● Required action:
Please state how many lines in the records below contain the word "rule", giving only the number.

● Record excerpts:
* * *

lemma fd_witness_if_orthonormal:
  assumes "finite D"
    and unit_\<phi>: "\<And>t. t \<in> D \<Longrightarrow> unit_vec (\<phi> t)"
    and "\<And>t. t \<in> D \<Longrightarrow> \<mu> t \<noteq> 0"
    and "orthonormal_on D lam"
    and unit_\<Psi>: "unit_vec (\<Sum>t\<in>D. \<mu> t *s tensor (\<phi> t) (lam t))"
  shows "fd_witness (\<Sum>t\<in>D. \<mu> t *s tensor (\<phi> t) (lam t)) D \<phi> lam"
proof -
  define \<Psi> where "\<Psi> = (\<Sum>t\<in>D. tensor (\<mu> t *s \<phi> t) (lam t))"
  have \<Psi>_eq: "(\<Sum>t\<in>D. \<mu> t *s tensor (\<phi> t) (lam t)) = \<Psi>"
    by (simp add: \<Psi>_def tensor_smult_left)
  have partial: "partial_cinner (lam j) \<Psi> = \<mu> j *s \<phi> j" if "j \<in> D" for j
    unfolding \<Psi>_def using assms(1,4) that by (rule partial_cinner_sum_tensor_orthonormal)
  have norm_partial: "cinner (partial_cinner (lam j) \<Psi>) (partial_cinner (lam j) \<Psi>) =
      of_real ((cmod (\<mu> j))\<^sup>2)" if "j \<in> D" for j
    using unit_\<phi>[OF that]
    by (simp add: partial[OF that] cinner_smult_left cinner_smult_right unit_vec_def
        complex_norm_square flip: of_real_power)
  have Pr_M: "Pr_M \<Psi> (lam j) = (cmod (\<mu> j))\<^sup>2" if "j \<in> D" for j
    by (simp add: Pr_M_eq norm_partial[OF that])
  have "cinner \<Psi> \<Psi> = (\<Sum>j\<in>D. cinner (\<mu> j *s \<phi> j) (partial_cinner (lam j) \<Psi>))"
    by (subst (1) \<Psi>_def) (rule cinner_sum_tensor_left)
  then have "(\<Sum>j\<in>D. Pr_M \<Psi> (lam j)) = Re (cinner \<Psi> \<Psi>)"
    by (simp add: Pr_M_eq partial)
  also have "\<dots> = 1"
    using unit_\<Psi> by (simp add: \<Psi>_eq unit_vec_def)
  finally have "(\<Sum>j\<in>D. Pr_M \<Psi> (lam j)) = 1" .
  moreover have "Pr_cond \<Psi> q (lam j) = (cmod (cinner q (\<phi> j)))\<^sup>2" if "j \<in> D" for j q
    using assms(3)[OF that]
    by (simp add: Pr_cond_def Pr_joint_eq Pr_M[OF that] partial[OF that] cinner_smult_right
        norm_mult power_mult_distrib)
  ultimately show ?thesis
    unfolding \<Psi>_eq fd_witness_def using assms(3,4) Pr_M by auto
qed

lemma partial_cinner_eq_smult_if_Pr_cond:
  assumes "unit_vec \<phi>" "Pr_M X b > 0"
    and "\<And>q. unit_vec q \<Longrightarrow> Pr_cond X q b = (cmod (cinner q \<phi>))\<^sup>2"
  shows "partial_cinner b X = cinner \<phi> (partial_cinner b X) *s \<phi>"
proof (rule eq_smult_if_orthogonal_to_perp[OF assms(1)])
  fix q :: "complex ^ 'a"
  assume "unit_vec q" "cinner q \<phi> = 0"
  then have "Pr_joint X q b = 0"
    using assms(2) assms(3)[OF \<open>unit_vec q\<close>] by (simp add: Pr_cond_def)
  then show "cinner q (partial_cinner b X) = 0"
    by (simp add: Pr_joint_eq)
qed

lemma orthonormal_on_if_parallel:
  assumes "orthonormal_on D b"
    and "\<And>t. t \<in> D \<Longrightarrow> unit_vec (x t)"
    and "\<And>t. t \<in> D \<Longrightarrow> \<mu> t \<noteq> 0"
    and "\<And>t. t \<in> D \<Longrightarrow> \<mu> t *s x t = c t *s b t"
  shows "orthonormal_on D x"
  unfolding orthonormal_on_def
proof (intro ballI)
  fix s t assume "s \<in> D" "t \<in> D"
  have x_eq: "x u = (c u / \<mu> u) *s b u" if "u \<in> D" for u
    using assms(3,4)[OF that] by (simp add: vec_eq_iff field_simps)
  show "cinner (x s) (x t) = (if s = t then 1 else 0)"
  proof (cases "s = t")
    case True
    then show ?thesis
      using assms(2) \<open>t \<in> D\<close> by (simp add: unit_vec_def)
  next
    case False
    then have "cinner (b s) (b t) = 0"
      using assms(1) \<open>s \<in> D\<close> \<open>t \<in> D\<close> unfolding orthonormal_on_def by auto
    then show ?thesis
      using False by (simp add: x_eq \<open>s \<in> D\<close> \<open>t \<in> D\<close> cinner_smult_left cinner_smult_right)
  qed
qed

lemma orthonormal_if_fd_witness:
  assumes "finite D"
    and unit_\<phi>: "\<And>t. t \<in> D \<Longrightarrow> unit_vec (\<phi> t)"
    and unit_lam: "\<And>t. t \<in> D \<Longrightarrow> unit_vec (lam t)"
    and \<mu>: "\<And>t. t \<in> D \<Longrightarrow> \<mu> t \<noteq> 0"
    and \<Psi>: "\<Psi> = (\<Sum>t\<in>D. \<mu> t *s tensor (\<phi> t) (lam t))"
    and unit_\<Psi>: "unit_vec \<Psi>"
    and indep: "lin_indep_on D \<phi>"
    and "fd_witness \<Psi> D \<phi> b"
  shows "orthonormal_on D lam"
proof -
  define v where "v j = partial_cinner (b j) \<Psi>" for j
  have orth_b: "orthonormal_on D b" and "(\<Sum>j\<in>D. Pr_M \<Psi> (b j)) = 1"
    using \<open>fd_witness \<Psi> D \<phi> b\<close> unfolding fd_witness_def by auto
  have "(\<Sum>j\<in>D. cinner (v j) (v j)) = of_real (\<Sum>j\<in>D. Pr_M \<Psi> (b j))"
    by (simp add: v_def Pr_M_eq of_real_Re_cinner_self)
  also have "\<dots> = cinner \<Psi> \<Psi>"
    using \<open>(\<Sum>j\<in>D. Pr_M \<Psi> (b j)) = 1\<close> unit_\<Psi> by (simp add: unit_vec_def)
  finally have "(\<Sum>j\<in>D. cinner (v j) (v j)) = cinner \<Psi> \<Psi>" .
  then have "\<Psi> = (\<Sum>j\<in>D. tensor (v j) (b j))"
    unfolding v_def using eq_sum_tensor_partial_cinner[OF assms(1) orth_b] by blast
  also have "\<dots> = (\<Sum>j\<in>D. tensor (\<phi> j) (cinner (\<phi> j) (v j) *s b j))"
  proof (intro sum.cong refl)
    fix j assume "j \<in> D"
    then have "v j = cinner (\<phi> j) (v j) *s \<phi> j"
      unfolding v_def using \<open>fd_witness \<Psi> D \<phi> b\<close> unit_\<phi>
      by (intro partial_cinner_eq_smult_if_Pr_cond) (auto simp: fd_witness_def)
    then show "tensor (v j) (b j) = tensor (\<phi> j) (cinner (\<phi> j) (v j) *s b j)"
      by (metis tensor_smult_left tensor_smult_right)
  qed
  finally have "(\<Sum>t\<in>D. tensor (\<phi> t) (\<mu> t *s lam t)) =
      (\<Sum>j\<in>D. tensor (\<phi> j) (cinner (\<phi> j) (v j) *s b j))"
    by (simp add: \<Psi> tensor_smult_right)
  then show ?thesis
  proof (intro orthonormal_on_if_parallel[OF orth_b unit_lam \<mu>])
    fix t assume "t \<in> D"
    with \<open>(\<Sum>t\<in>D. tensor (\<phi> t) (\<mu> t *s lam t)) = _\<close>
    show "\<mu> t *s lam t = cinner (\<phi> t) (v t) *s b t"
      by (rule sum_tensor_cancel_left[OF indep])
  qed
qed

theorem lemmaA3:
  fixes \<Psi> :: "complex ^ ('s::finite \<times> 'm::finite)"
    and D :: "'d set"
    and \<phi> :: "'d \<Rightarrow> complex ^ 's"
    and lam :: "'d \<Rightarrow> complex ^ 'm"
    and \<mu> :: "'d \<Rightarrow> complex"
  assumes "finite D"
    and "\<And>t. t \<in> D \<Longrightarrow> unit_vec (\<phi> t)"
    and "\<And>t. t \<in> D \<Longrightarrow> unit_vec (lam t)"
    and "\<And>t. t \<in> D \<Longrightarrow> \<mu> t \<noteq> 0"
    and "\<Psi> = (\<Sum>t\<in>D. \<mu> t *s tensor (\<phi> t) (lam t))"
    and "unit_vec \<Psi>"
  shows "(orthonormal_on D lam \<longrightarrow>
            fd_witness \<Psi> D \<phi> lam \<and> fully_distinguishable \<Psi> D \<phi> TYPE('m) \<and>
            (\<forall>j\<in>D. \<forall>q. unit_vec q \<longrightarrow> Pr_cond \<Psi> q (lam j) = (cmod (cinner q (\<phi> j)))\<^sup>2))
       \<and> (lin_indep_on D \<phi> \<and> fully_distinguishable \<Psi> D \<phi> TYPE('m) \<longrightarrow> orthonormal_on D lam)"
proof (intro conjI impI)
  assume "orthonormal_on D lam"
  then have "fd_witness \<Psi> D \<phi> lam"
    using fd_witness_if_orthonormal[of D \<phi> \<mu> lam] assms by simp
  then show "fd_witness \<Psi> D \<phi> lam" "fully_distinguishable \<Psi> D \<phi> TYPE('m)"
    "\<forall>j\<in>D. \<forall>q. unit_vec q \<longrightarrow> Pr_cond \<Psi> q (lam j) = (cmod (cinner q (\<phi> j)))\<^sup>2"
    unfolding fully_distinguishable_def fd_witness_def by blast+
next
  assume "lin_indep_on D \<phi> \<and> fully_distinguishable \<Psi> D \<phi> TYPE('m)"
  then show "orthonormal_on D lam"
    unfolding fully_distinguishable_def using orthonormal_if_fd_witness[OF assms] by blast
qed

end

* * *

● Solved problem:
4